Mastery of a skill is different from mere competence. Even a highly competent person may not have reached the mastery level, which can be defined as knowing something well enough to teach it.
 
Mastery of a skill is different from mere competence. Even a highly competent person may not have reached the mastery level, which can be defined as knowing something well enough to teach it.
You are applying the definition of a word as you use it to the definition used by others in a different setting. In this case, the use of the word mastery in scuba instruction is derived from an instructional process called mastery education. Google will give you multiple explanations for this. The process was chiefly developed by Dr. Benjamin Bloom.

In that system, mastery is defined as demonstrating a standard of performance at a specific level of development. That level is called a benchmark level. When a student has shown mastery at a benchmark level, then the student can move on and later show mastery at another benchmark level. An analogy would be baseball. A 12 year old can show mastery of fielding at the little league level and then move on to demonstrate mastery at more advanced levels.

The key difference between this and other systems of education is time. In traditional education, students are taught for a specific time and then measured to see how close they came to a specific standard, at which point they are given a score relative to that standard. In mastery education, students are taught (with continual assessment) for however long it takes them to meet that benchmark level of performance.

In teaching this, we used to say that in traditional education, time is the standard and learning is the variable. In mastery education, learning is the standard and time is the variable.

Almost all scuba instruction is done this way now. This is very much PADI's definition for mastery. A student achieving mastery for buoyancy in the OW class looks very different from a student achieving mastery for buoyancy in a trimix class.
 
I have done nothing of the sort...neither discounted what you said, or used my imagination to make a guess as to what "it" must be like due to never having seen this done. I think rather you are making assumptions and overstating things about me.

I have held you in quite high respect since I began participating on ScubaBoard due to the educated and balanced perspective you often present. But statements like the one I quoted above, leaves me questioning whether you truly bring a balanced prespective or whether that is only true when folks tacitly agree with and don't stray from the sentiment you hold.

Perhaps those who teach their students in truly neutrally buoyant position, without fins and legs touching the bottom, would frown on your method.

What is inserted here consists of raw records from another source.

lemma SUP_area_lesser_optimal:
  assumes roc: "roc_curve f" and t: "0 < t" "t < 1" and opt: "optimal_point f t h k"
  shows "(SUP x\<in>{0..1}. area_lesser t x (f x)) = 1 - (cost h k t)\<^sup>2 / (2 * t * (1 - t))"
proof -
  define c where "c = cost h k t"
  have c_le: "c \<le> cost x (f x) t" if "x \<in> {0..1}" for x
    using opt graph_in_roc_hull[OF that] unfolding optimal_point_def c_def by blast
  obtain x0 where x0: "x0 \<in> {0..1}" "cost x0 (f x0) t = c"
    using optimal_cost_attained[OF roc t(2) opt] unfolding c_def by blast
  have "0 \<le> c"
    using x0 roc_curve_le_one[OF roc x0(1)] t by (auto simp: cost_def)
  moreover have "c \<le> t" "c \<le> 1 - t"
    using c_le[of 1] c_le[of 0] roc_curve_endpoints[OF roc] by (auto simp: cost_def)
  ultimately have area: "measure lborel (lesser_region t c) = 1 - c\<^sup>2 / (2 * t * (1 - t))"
    using t by (intro measure_lesser_region)
  show ?thesis unfolding c_def[symmetric]
  proof (rule cSup_eq_maximum)
    show "1 - c\<^sup>2 / (2 * t * (1 - t)) \<in> (\<lambda>x. area_lesser t x (f x)) ` {0..1}"
      using x0 area by (force simp: area_lesser_eq_measure)
  next
    fix z
    assume "z \<in> (\<lambda>x. area_lesser t x (f x)) ` {0..1}"
    then obtain x where "x \<in> {0..1}" "z = area_lesser t x (f x)" by blast
    then show "z \<le> 1 - c\<^sup>2 / (2 * t * (1 - t))"
      unfolding area_lesser_eq_measure area[symmetric]
      using c_le by (simp add: measure_lesser_region_antimono)
  qed
qed

theorem theorem24:
  fixes f :: "real \<Rightarrow> real" and a b h k :: real
  assumes "roc_curve f"
    and "0 \<le> a" and "a < b" and "b \<le> 1"
    and "\<forall>t \<in> {a..b}. optimal_point f t h k"
  shows "VOROS f a b =
           1 / (b - a) * (LINT t:{a..b}|lborel. 1 - (cost h k t)\<^sup>2 / (2 * t * (1 - t)))"
proof -
  have "(SUP x\<in>{0..1}. area_lesser t x (f x)) = 1 - (cost h k t)\<^sup>2 / (2 * t * (1 - t))"
    if "t \<in> {a<..<b}" for t
    using that assms by (intro SUP_area_lesser_optimal) auto
  \<comment> \<open>the endpoints, where 2t(1 - t) may vanish, form a null set; no measurability is needed\<close>
  then have "(LINT t:{a..b}|lborel. (SUP x\<in>{0..1}. area_lesser t x (f x))) =
      (LINT t:{a..b}|lborel. 1 - (cost h k t)\<^sup>2 / (2 * t * (1 - t)))"
    unfolding set_lebesgue_integral_def
    by (intro integral_discrete_difference[of "{a, b}"]) (auto simp: indicator_def)
  then show ?thesis unfolding VOROS_def by simp
qed

end
(* Let $n \ge 1$, let $F$ be an $n$-perturbation on $H^2(\mathbb{D})$ and $S_n = M_z + F$. If $\mathcal{M} \subseteq H^2(\mathbb{D})$ is a nonzero closed subspace with $S_n\mathcal{M}\subseteq\mathcal{M}$, then $\dim(\mathcal{M} \ominus S_n \mathcal{M}) = 1$.
   Context: $H^2(\mathbb{D})$ is the Hardy space on the open unit disc and $M_z$ the unilateral shift on it. All operators are bounded. A linear operator $F$ on $H^2(\mathbb{D})$ is an $n$-perturbation if (a) $Fz^m = 0$ for all $m \ge n$; (b) $F(z^m H^2(\mathbb{D})) \subseteq z^{m+1}\mathbb{C}[z]$ for all $m \ge 0$; and (c) $M_z + F$ is left-invertible. *)

theory Defs
  imports "HOL-Analysis.Analysis"
begin

text \<open>The Hardy space H^2(D) is modelled via the canonical unitary identification
  f = sum a_k z^k  <->  (a_k), i.e. as the space of square-summable complex
  coefficient sequences, with the inner product of H^2.\<close>

definition H2 :: "(nat \<Rightarrow> complex) set" where
  "H2 = {a. summable (\<lambda>k. (cmod (a k))\<^sup>2)}"

definition h2_inner :: "(nat \<Rightarrow> complex) \<Rightarrow> (nat \<Rightarrow> complex) \<Rightarrow> complex" where
  "h2_inner a b = (\<Sum>k. a k * cnj (b k))"

definition h2_norm :: "(nat \<Rightarrow> complex) \<Rightarrow> real" where
  "h2_norm a = sqrt (\<Sum>k. (cmod (a k))\<^sup>2)"
definition has_closed_form :: "((nat \<Rightarrow> nat) \<Rightarrow> real) \<Rightarrow> nat \<Rightarrow> nat \<Rightarrow> bool" where
  "has_closed_form g e N \<longleftrightarrow> (\<exists>F.
     (\<forall>l<s. hom_eta_poly s (N * (s choose 2) + y_sum - 2) e (F l)) \<and>
     (\<forall>\<eta> w. y_sum \<le> \<eta> \<longrightarrow> inj_on w {..<s} \<longrightarrow>
        weighted_sum g \<eta> w * vandermonde s w ^ N = (\<Sum>l<s. w l ^ (\<eta> + 2 - y_sum) * F l (real \<eta>) w)))"

lemma has_closed_formE:
  assumes "has_closed_form g e N"
  obtains F where "\<And>l. l < s \<Longrightarrow> hom_eta_poly s (N * (s choose 2) + y_sum - 2) e (F l)"
    and "\<And>\<eta> w. y_sum \<le> \<eta> \<Longrightarrow> inj_on w {..<s} \<Longrightarrow>
        weighted_sum g \<eta> w * vandermonde s w ^ N = (\<Sum>l<s. w l ^ (\<eta> + 2 - y_sum) * F l (real \<eta>) w)"
  using assms unfolding has_closed_form_def by blast

lemma s_le_y_sum: "s \<le> y_sum"
  using sum_mono[of "{..<s}" "\<lambda>_. 1" y] y_pos by (simp add: y_sum_def)

lemma weighted_sum_one:
  assumes "y_sum \<le> \<eta>"
  shows "weighted_sum (\<lambda>_. 1) \<eta> w
    = (\<Prod>i<s. w i ^ y i) * complete_hom {..<s} (int (\<eta> - y_sum)) w"
  unfolding weighted_sum_def complete_hom_def sum_distrib_left
proof (rule sum.reindex_bij_witness[symmetric, where j = "\<lambda>z i. if i < s then z i + y i else 0"
      and i = "\<lambda>x i. x i - y i"])
  fix z
  assume z: "z \<in> exponents {..<s} (int (\<eta> - y_sum))"
  then show "(\<lambda>i. (if i < s then z i + y i else 0) - y i) = z"
    by (auto simp: exponents_of_nat fun_eq_iff)
  show "(\<lambda>i. if i < s then z i + y i else 0) \<in> compositions \<eta>"
    using z assms by (auto simp: exponents_of_nat compositions_def sum.distrib y_sum_def)
  show "1 * (\<Prod>i<s. w i ^ (if i < s then z i + y i else 0))
      = (\<Prod>i<s. w i ^ y i) * (\<Prod>i<s. w i ^ z i)"
    by (simp add: power_add prod.distrib mult.commute)
next
  fix x
  assume x: "x \<in> compositions \<eta>"
  then show "(\<lambda>i. if i < s then x i - y i + y i else 0) = x"
    by (auto simp: compositions_def fun_eq_iff)
  have "(\<Sum>i<s. x i - y i) = (\<Sum>i<s. x i) - (\<Sum>i<s. y i)"
    using x by (intro sum_subtractf_nat) (auto simp: compositions_def)
  then show "(\<lambda>i. x i - y i) \<in> exponents {..<s} (int (\<eta> - y_sum))"
    unfolding exponents_of_nat using x by (auto simp: compositions_def y_sum_def)
qed
lemma symmetric_le_Phi2:
  assumes "\<And>i. psi i 0 1 = psi i 1 0"
  shows "slocc_le psi Phi2"
proof -
  define L1 where "L1 i a = (if a = 0 then psi i 0 0 else if a = 1 then psi i 0 1 else psi i 1 1)"
    for i a :: 3
  have "loc_apply L1 id_mat id_mat Phi2 i j k = psi i j k" for i j k
    using exhaust_2_zero[of j] exhaust_2_zero[of k] assms[of i]
    by (auto simp: loc_apply_Phi2 L1_def id_mat_def)
  then show ?thesis
    unfolding slocc_le_def by blast
qed

section \<open>Every state lies below Phi1 or Phi2\<close>

lemma zero_row_kernel:
  fixes M :: "'a::field^'n^'n"
  assumes "row r M = 0"
  shows "\<exists>x. x \<noteq> 0 \<and> M *v x = 0"
proof -
  have "det M = 0"
    using assms by (rule det_zero_row(2))
  then have "\<not> invertible M"
    using invertible_det_nz by blast
  then show ?thesis
    using invertible_left_inverse matrix_left_invertible_ker by metis
qed

text \<open>The three slices of a state span at most three dimensions of the four-dimensional space
  of 2x2 matrices, so some nonzero linear form Q vanishes on all of them.\<close>

lemma slice_annihilator:
  fixes phi :: state
  shows "\<exists>Q. Q \<noteq> 0 \<and> (\<forall>i. (\<Sum>b\<in>UNIV. \<Sum>c\<in>UNIV. Q b c * phi i b c) = 0)"
proof -
  define slice :: "4 \<Rightarrow> 2 \<Rightarrow> 2 \<Rightarrow> complex"
    where "slice r = (if r = 1 then phi 0 else if r = 2 then phi 1 else if r = 3 then phi 2 else 0)"
    for r
  define M :: "complex^4^4"
    where "M = (\<chi> r k. if k = 1 then slice r 0 0 else if k = 2 then slice r 0 1
                       else if k = 3 then slice r 1 0 else slice r 1 1)"
  have "row 4 M = 0"
    by (simp add: M_def slice_def row_def vec_eq_iff)
  then obtain x where x: "x \<noteq> 0" "M *v x = 0"
    using zero_row_kernel by blast
  define Q :: "2 \<Rightarrow> 2 \<Rightarrow> complex"
    where "Q b c = x $ (if b = 0 then (if c = 0 then 1 else 2) else (if c = 0 then 3 else 4))" for b c
  have kernel_row: "(\<Sum>b\<in>UNIV. \<Sum>c\<in>UNIV. Q b c * slice r b c) = 0" for r
  proof -
    have "(\<Sum>b\<in>UNIV. \<Sum>c\<in>UNIV. Q b c * slice r b c) = (M *v x) $ r"
      by (simp add: matrix_vector_mult_def sum_4 sum_UNIV_2 M_def Q_def algebra_simps)
    then show ?thesis
      using x(2) by simp
  qed
  have "(\<Sum>b\<in>UNIV. \<Sum>c\<in>UNIV. Q b c * phi i b c) = 0" for i
    using exhaust_3_zero[of i] kernel_row[of 1] kernel_row[of 2] kernel_row[of 3]
    by (auto simp: slice_def)
  moreover have "Q \<noteq> 0"
  proof
    assume "Q = 0"
    then have "x $ k = 0" for k
      using exhaust_4[of k] by (auto simp: Q_def fun_eq_iff forall_UNIV_2 dest: spec[of _ 0] spec[of _ 1])
    then show False
      using x(1) by (simp add: vec_eq_iff)
  qed
  ultimately show ?thesis
    by blast
qed

lemma rank_one_2x2:
  assumes "Q \<noteq> 0" and "det2 Q = 0"
  shows "\<exists>y w. y \<noteq> 0 \<and> w \<noteq> 0 \<and> (\<forall>b c. Q b c = y b * w c)"
proof (cases "Q 0 = 0")
  case True
  then have "Q 1 \<noteq> 0"
    using assms(1) by (auto simp: fun_eq_iff forall_UNIV_2)
  moreover have "Q b c = (if b = 0 then 0 else 1) * Q 1 c" for b c
    using True exhaust_2_zero[of b] by auto
  moreover have "(\<lambda>b::2. if b = 0 then 0 else 1 :: complex) \<noteq> 0"
    by (auto simp: fun_eq_iff intro: exI[of _ "1::2"])
  ultimately show ?thesis
    by blast
next
  case False
  define lam where "lam = (if Q 0 0 \<noteq> 0 then Q 1 0 / Q 0 0 else Q 1 1 / Q 0 1)"
  have row1: "Q 1 c = lam * Q 0 c" for c
    using False assms(2) exhaust_2_zero[of c]
    by (auto simp: lam_def det2_def fun_eq_iff forall_UNIV_2 field_simps)
  have "Q b c = (if b = 0 then 1 else lam) * Q 0 c" for b c
    using row1 exhaust_2_zero[of b] by auto
  moreover have "(\<lambda>b::2. if b = 0 then 1 else lam) \<noteq> 0"
    by (auto simp: fun_eq_iff dest: spec[of _ 0])
  ultimately show ?thesis
    using False by blast
qed

lemma invertible_completion:
  fixes v :: "2 \<Rightarrow> complex"
  assumes "v \<noteq> 0"
  shows "\<exists>A. det2 A \<noteq> 0 \<and> A r = v"
proof -
  define u :: "2 \<Rightarrow> complex" where "u c = (if (c = 0) = (v 0 = 0) then 1 else 0)" for c
  define A where "A i = (if i = r then v else u)" for i
  have "v 0 \<noteq> 0 \<or> v 1 \<noteq> 0"
    using assms by (auto simp: fun_eq_iff forall_UNIV_2)
  then have "det2 A \<noteq> 0"
    using exhaust_2_zero[of r] by (auto simp: det2_def A_def u_def)
  moreover have "A r = v"
    by (simp add: A_def)
  ultimately show ?thesis
    by blast
qed

text \<open>A rank-one annihilator y w^T: choosing bases with y as second row on the second qubit
  and w as first row on the third makes all slices upper triangular.\<close>

lemma le_Phi1_if_rank_one_annihilator:
  assumes "y \<noteq> 0" and "w \<noteq> 0"
    and annihilates: "\<And>i. (\<Sum>b\<in>UNIV. \<Sum>c\<in>UNIV. y b * w c * phi i b c) = 0"
  shows "slocc_le phi Phi1"
proof -
  obtain A where A: "det2 A \<noteq> 0" "A 1 = y"
    using invertible_completion[OF assms(1)] by blast
  obtain C where C: "det2 C \<noteq> 0" "C 0 = w"
    using invertible_completion[OF assms(2)] by blast
  have "loc_apply id_mat A C phi i 1 0 = 0" for i
    using annihilates[of i] by (simp add: loc_apply_id_first A(2) C(2))
  then have "slocc_le (loc_apply id_mat A C phi) Phi1"
    by (rule upper_triangular_le_Phi1)
  with slocc_le_invertible_change[OF A(1) C(1)] show ?thesis
    by (rule slocc_le_trans)
qed

text \<open>An invertible annihilator Q: the operator with rows Q(-,1) and -Q(-,0) on the second
  qubit is invertible and makes all slices symmetric.\<close>

lemma le_Phi2_if_invertible_annihilator:
  assumes "det2 Q \<noteq> 0"
    and annihilates: "\<And>i. (\<Sum>b\<in>UNIV. \<Sum>c\<in>UNIV. Q b c * phi i b c) = 0"
  shows "slocc_le phi Phi2"
proof -
  define A where "A j b = (if j = 0 then Q b 1 else - Q b 0)" for j b :: 2
  have det_A: "det2 A \<noteq> 0"
    using assms(1) by (simp add: A_def det2_def algebra_simps)
  have det_id: "det2 id_mat \<noteq> 0"
    by (simp add: det2_def id_mat_def)
  have "loc_apply id_mat A id_mat phi i 0 1 = loc_apply id_mat A id_mat phi i 1 0" for i
  proof -
    have "loc_apply id_mat A id_mat phi i 0 1 - loc_apply id_mat A id_mat phi i 1 0 =
          (\<Sum>b\<in>UNIV. \<Sum>c\<in>UNIV. Q b c * phi i b c)"
      by (simp add: loc_apply_id_first A_def id_mat_def sum_UNIV_2 algebra_simps)
    then show ?thesis
      using annihilates[of i] by simp
  qed
  then have "slocc_le (loc_apply id_mat A id_mat phi) Phi2"
    by (rule symmetric_le_Phi2)
  with slocc_le_invertible_change[OF det_A det_id] show ?thesis
    by (rule slocc_le_trans)
qed

lemma le_Phi1_or_le_Phi2: "slocc_le phi Phi1 \<or> slocc_le phi Phi2"
proof -
  obtain Q where "Q \<noteq> 0" and annihilates: "\<And>i. (\<Sum>b\<in>UNIV. \<Sum>c\<in>UNIV. Q b c * phi i b c) = 0"
    using slice_annihilator[of phi] by blast
  show ?thesis
  proof (cases "det2 Q = 0")
    case True
    then obtain y w where "y \<noteq> 0" "w \<noteq> 0" "\<And>b c. Q b c = y b * w c"
      using rank_one_2x2[OF \<open>Q \<noteq> 0\<close>] by blast
    then have "slocc_le phi Phi1"
      using annihilates by (intro le_Phi1_if_rank_one_annihilator[of y w]) simp_all
    then show ?thesis ..
  next
    case False
    then show ?thesis
      using le_Phi2_if_invertible_annihilator annihilates by blast
  qed
qed

section \<open>Phi1 and Phi2 are incomparable\<close>

text \<open>A state has full local rank on the second (third) factor if no nonzero operator on that
  factor annihilates it, i.e. its reduced state there is of rank 2.\<close>

definition full_local_rank2 :: "state \<Rightarrow> bool"
  where "full_local_rank2 psi \<longleftrightarrow> (\<forall>A. loc_apply id_mat A id_mat psi = 0 \<longrightarrow> A = 0)"

definition full_local_rank3 :: "state \<Rightarrow> bool"
  where "full_local_rank3 psi \<longleftrightarrow> (\<forall>C. loc_apply id_mat id_mat C psi = 0 \<longrightarrow> C = 0)"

And, personally, If I were an instructor, instead of lowly divemaster, I too would adopt a neutrally buoyant approach to teaching diving...but still, that does not make up for the fact that instructors in general have little incentive to push past their perception that neutral buoyancy equals less control from a class management standpoint and/or student learning management. Which is what I was conveying in my previous post.

-Z
I apologize. I have had a very frustrating decade and a half listening to people telling me why what I did cannot be done.
 
I don’t consider Master Diver even worth a discussion. :)

I was more referring to the recommendation to teach and test OW skills while neutrally buoyant. It was definitely not the case when I got certified 15 years ago and I am now thinking about my kids going to get certified in the coming couple of years. I would prefer them to learn the “right” way from the beginning, if possible.

GUE Rec1 (or whatever it's about to be called) teaches everything neutral from the get go.